Think of it this way, @marcotuliorr. Imagine if that '3' node had three consecutive children "7 - 8 - 9" (each node is the left child of its parent.) Would that branch cross over the long "4 - 5 - 6" branch and make the top-down view of the tree "9 - 2 - 1 - 3 - 6"? Of course not!

Every node's child must retain the positional properties of its parent, I.E. if 2 is to the left of 1, then 4 and 5 must also be to the left of 1. If 5 is to the left of 1, 6 must be to the left of 1 as well, etc. There's no way a branch not on the leftmost or rightmost path could be visible from the top down.

I think that link is wrong. In a binary tree, once you go left, all descendants of that child are by definition left of that parent. To get an accurate spatial representation you have to expand your tree so that the bottom level will fit if it is full. They say:

        1
      /   \
    2       3
      \   
        4  
          \
            5
             \
               6
Top view of the above binary tree is
2 1 3 6

But all nodes 'left' of the 1 should be drawn to the left of the 1. If the tree's bottom level was full it would have 16 nodes and it should be drawn that way. If you add a node '7' left of '3' using this representation, it would overlap with the '4'.

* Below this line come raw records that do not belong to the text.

end

theory Submission
  imports Defs
begin

text \<open>
  Write \<open>G/H = \<langle>t\<rangle>\<close> and let \<open>coset k = t\<^sup>k\<close>, a coset of \<open>H\<close> in \<open>G\<close>. The number of
  commuting pairs in \<open>coset i \<times> coset j\<close> is symmetric in \<open>i, j\<close>, \<open>n\<close>-periodic and unchanged
  by \<open>(i, j) \<mapsto> (i + j, j)\<close> (via \<open>(x, y) \<mapsto> (x y, y)\<close>), so by the Euclidean algorithm it only
  depends on \<open>gcd (gcd i j) n\<close>; divided by \<open>|H|\<close> it is a function \<open>p\<close> of that divisor
  (\<open>pair_density\<close> below).
  By orbit-stabiliser, \<open>|G|\<close> times the number of classes inside a conjugation-invariant set \<open>Y\<close>
  is the number of commuting pairs in \<open>G \<times> Y\<close>, and \<open>|K|\<close> times the class number of a group
  \<open>K\<close> is the number of commuting pairs in \<open>K \<times> K\<close>. Since \<open>K\<^sub>d\<close> is the union of the cosets
  \<open>t\<^sup>i\<close> with \<open>n/d\<close> dividing \<open>i\<close>, the numbers \<open>S\<^sup>*\<^sub>d\<close>, \<open>S\<^sub>b\<close> and \<open>T\<^sub>c\<close> become sums of \<open>p\<close>
  over gcd patterns of indices, and both formulas are identities between such sums, proved by
  writing \<open>p\<close> as a divisor sum of its Moebius transform and by Moebius inversion of \<open>S\<^sub>b\<close>.
\<close>

section \<open>Moebius inversion\<close>

abbreviation mu :: "nat \<Rightarrow> real" where "mu k \<equiv> real_of_int (moebius_mu k)"

lemma moebius_mu_prime_mult:
  assumes "Factorial_Ring.prime p" "\<not> p dvd s" "s > 0"
  shows "moebius_mu (p * s) = - moebius_mu s"
proof -
  have cop: "coprime p s" using assms by (simp add: prime_imp_coprime)
  have sq: "squarefree (p * s) \<longleftrightarrow> squarefree s"
    using squarefree_mult_coprime[OF cop] squarefree_prime[OF assms(1)] squarefree_multD by blast
  have pf: "prime_factors (p * s) = insert p (prime_factors s)"
    using prime_factors_product[of p s] assms by (auto simp: prime_prime_factors)
  have "p \<notin> prime_factors s" using assms by auto
  then show ?thesis by (auto simp: moebius_mu_def sq pf)
qed

lemma moebius_mu_eq_0_if_square_dvd: "Factorial_Ring.prime p \<Longrightarrow> p\<^sup>2 dvd m \<Longrightarrow> moebius_mu m = 0"
  unfolding moebius_mu_def by (metis not_prime_unit not_squarefreeI)

lemma sum_moebius_mu_divisors:
  assumes "m > 0"
  shows "(\<Sum>k | k dvd m. mu k) = (if m = 1 then 1 else 0)"
proof (cases "m = 1")
  case True
  then show ?thesis by (simp add: moebius_mu_def)
next
  case False
  then obtain p where p: "Factorial_Ring.prime p" "p dvd m" using assms prime_factor_nat by blast
  \<comment> \<open>Divisors divisible by \<open>p\<^sup>2\<close> contribute nothing; the rest pair off as \<open>s\<close> and \<open>p * s\<close>.\<close>
  have split: "(\<Sum>k | k dvd m. mu k)
      = (\<Sum>k | k dvd m \<and> \<not> p dvd k. mu k) + (\<Sum>k | k dvd m \<and> p dvd k. mu k)"
    by (subst sum.union_disjoint[symmetric]) (use assms in \<open>auto intro!: sum.cong\<close>)
  have "(\<Sum>k | k dvd m \<and> p dvd k. mu k) = (\<Sum>k | k dvd m \<and> p dvd k \<and> \<not> p\<^sup>2 dvd k. mu k)"
    by (rule sum.mono_neutral_right) (use assms p in \<open>auto simp: moebius_mu_eq_0_if_square_dvd\<close>)
  also have "\<dots> = (\<Sum>s | s dvd m \<and> \<not> p dvd s. mu (p * s))"
  proof (rule sum.reindex_bij_witness[where i = "\<lambda>k. p * k" and j = "\<lambda>k. k div p"])
    fix s assume s: "s \<in> {s. s dvd m \<and> \<not> p dvd s}"
    have "coprime p s" using s p by (simp add: prime_imp_coprime)
    then show "p * s \<in> {k. k dvd m \<and> p dvd k \<and> \<not> p\<^sup>2 dvd k}"
      using s p by (auto simp: power2_eq_square divides_mult)
    show "p * s div p = s" using p by (simp add: prime_gt_0_nat)
  next
    fix k assume k: "k \<in> {k. k dvd m \<and> p dvd k \<and> \<not> p\<^sup>2 dvd k}"
    then obtain s where ks: "k = p * s" by blast
    show "p * (k div p) = k" using ks p by (simp add: prime_gt_0_nat)
    show "k div p \<in> {s. s dvd m \<and> \<not> p dvd s}"
      using k ks p by (auto simp: power2_eq_square prime_gt_0_nat intro: dvd_mult_right)
  qed simp
  also have "\<dots> = - (\<Sum>s | s dvd m \<and> \<not> p dvd s. mu s)"
    by (simp add: sum_negf[symmetric])
       (intro sum.cong refl, use p assms in \<open>auto simp: moebius_mu_prime_mult dvd_pos_nat\<close>)
  finally show ?thesis using split False by simp
qed

lemma div_div_cancel: "n > 0 \<Longrightarrow> e dvd n \<Longrightarrow> n div (n div e) = (e :: nat)"
  by (simp add: div_div_eq_right)

lemma sum_divisors_reflect:
  fixes f :: "nat \<Rightarrow> 'c :: comm_monoid_add"
  assumes "m > 0"
  shows "(\<Sum>k | k dvd m. f (m div k)) = (\<Sum>k | k dvd m. f k)"
  using assms by (intro sum.reindex_bij_witness[of _ "(div) m" "(div) m"]) (auto elim: dvdE)

lemma sum_divisor_interval_shift:
  fixes f :: "nat \<Rightarrow> 'c :: comm_monoid_add"
  assumes "g > 0" "a dvd g"
  shows "(\<Sum>e | a dvd e \<and> e dvd g. f e) = (\<Sum>k | k dvd g div a. f (a * k))"
  using assms
  by (intro sum.reindex_bij_witness[where i = "\<lambda>k. a * k" and j = "\<lambda>e. e div a"])
     (auto elim!: dvdE simp: mult_dvd_mono)

lemma sum_divisor_interval_reflect:
  fixes f :: "nat \<Rightarrow> 'c :: comm_monoid_add"
  assumes "g > 0" "a dvd g"
  shows "(\<Sum>e | a dvd e \<and> e dvd g. f e) = (\<Sum>k | k dvd g div a. f (g div k))"
  using assms
  by (intro sum.reindex_bij_witness[where i = "\<lambda>k. g div k" and j = "\<lambda>e. g div e"])
     (auto elim!: dvdE)

lemma sum_moebius_mu_interval:
  assumes "g > 0" "a dvd g"
  shows "(\<Sum>e | a dvd e \<and> e dvd g. mu (e div a)) = (if a = g then 1 else 0)"
    and "(\<Sum>e | a dvd e \<and> e dvd g. mu (g div e)) = (if a = g then 1 else 0)"
proof -
  have a0: "a > 0" and q0: "g div a > 0" using assms by (auto elim: dvdE)
  have q1: "g div a = 1 \<longleftrightarrow> a = g" using assms a0 by (auto elim!: dvdE)
  show "(\<Sum>e | a dvd e \<and> e dvd g. mu (e div a)) = (if a = g then 1 else 0)"
    using a0 q0 q1 by (simp add: sum_divisor_interval_shift[OF assms] sum_moebius_mu_divisors)
  have "(\<Sum>e | a dvd e \<and> e dvd g. mu (g div e)) = (\<Sum>k | k dvd g div a. mu (g div (a * k)))"
    by (rule sum_divisor_interval_shift[OF assms])
  also have "\<dots> = (\<Sum>k | k dvd g div a. mu (g div a div k))"
    by (simp add: div_mult2_eq)
  also have "\<dots> = (if a = g then 1 else 0)"
    unfolding sum_divisors_reflect[OF q0, of mu] sum_moebius_mu_divisors[OF q0] q1 ..
  finally show "(\<Sum>e | a dvd e \<and> e dvd g. mu (g div e)) = (if a = g then 1 else 0)" .
qed

definition moebius_transform :: "(nat \<Rightarrow> real) \<Rightarrow> nat \<Rightarrow> real" where
  "moebius_transform f m = (\<Sum>k | k dvd m. mu (m div k) * f k)"

lemma sum_divisors_moebius_transform:
  assumes "g > 0"
  shows "(\<Sum>e | e dvd g. moebius_transform f e) = f g"
proof -
  have fin: "finite {e. e dvd g}" using assms by simp
  have "(\<Sum>e | e dvd g. moebius_transform f e)
      = (\<Sum>e \<in> {e. e dvd g}. \<Sum>k \<in> {k. k \<in> {k. k dvd g} \<and> k dvd e}. mu (e div k) * f k)"
    unfolding moebius_transform_def by (intro sum.cong refl) (auto intro: dvd_trans)
  also have "\<dots> = (\<Sum>k \<in> {k. k dvd g}. \<Sum>e \<in> {e. e \<in> {e. e dvd g} \<and> k dvd e}. mu (e div k) * f k)"
    by (rule sum.swap_restrict[OF fin fin])
  also have "\<dots> = (\<Sum>k \<in> {k. k dvd g}. f k * (\<Sum>e | k dvd e \<and> e dvd g. mu (e div k)))"
    by (intro sum.cong refl) (auto simp: sum_distrib_left mult.commute intro!: sum.cong)
  also have "\<dots> = (\<Sum>k \<in> {k. k dvd g}. if k = g then f g else 0)"
    by (intro sum.cong refl) (simp add: sum_moebius_mu_interval(1)[OF assms])
  also have "\<dots> = f g" using fin by (simp add: sum.delta)
  finally show ?thesis .
qed

lemma moebius_transform_sum_divisors:
  assumes "g > 0"
  shows "moebius_transform (\<lambda>m. \<Sum>e | e dvd m. f e) g = f g"
proof -
  have fin: "finite {e. e dvd g}" using assms by simp
  have "moebius_transform (\<lambda>m. \<Sum>e | e dvd m. f e) g
      = (\<Sum>m \<in> {m. m dvd g}. \<Sum>e \<in> {e. e \<in> {e. e dvd g} \<and> e dvd m}. mu (g div m) * f e)"
    unfolding moebius_transform_def
    by (intro sum.cong refl) (auto simp: sum_distrib_left intro: dvd_trans intro!: sum.cong)
  also have "\<dots> = (\<Sum>e \<in> {e. e dvd g}. \<Sum>m \<in> {m. m \<in> {m. m dvd g} \<and> e dvd m}. mu (g div m) * f e)"
    by (rule sum.swap_restrict[OF fin fin])
  also have "\<dots> = (\<Sum>e \<in> {e. e dvd g}. f e * (\<Sum>m | e dvd m \<and> m dvd g. mu (g div m)))"
    by (intro sum.cong refl) (auto simp: sum_distrib_left mult.commute intro!: sum.cong)
  also have "\<dots> = (\<Sum>e \<in> {e. e dvd g}. if e = g then f g else 0)"
    by (intro sum.cong refl) (simp add: sum_moebius_mu_interval(2)[OF assms])
  also have "\<dots> = f g" using fin by (simp add: sum.delta)
  finally show ?thesis .
qed

section \<open>Sums over gcd patterns\<close>

definition multiples_upto :: "nat \<Rightarrow> nat \<Rightarrow> nat set" where
  "multiples_upto n m = {i \<in> {0<..n}. m dvd i}"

I actually disagree with your disagree.

"Top view" is simply defined as, "Starting from top node, every node added to the right side of top node is every right side node's right node if any, every node added to the left side of top node is every left side node's left node, if any." I just used a linkedlist to append left and right nodes on both sides from center to two ends.

This problem has been completely misleaded by @Faland, unfortunately. And I don't think I am smarter than many folks here, so I kinda curious why this one caused so many confusion.

took me two minutes to solve

The issue is that the problem is poorly defined. You are correct, but that isn't clear from the problem statement.

your code is just passing first test https://pastebin.com/CmTWX5C1

this code is only passing the test case 1

Enjoy..

I feel like this makes the problem quite a bit harder, I don't think it should still be marked as "easy".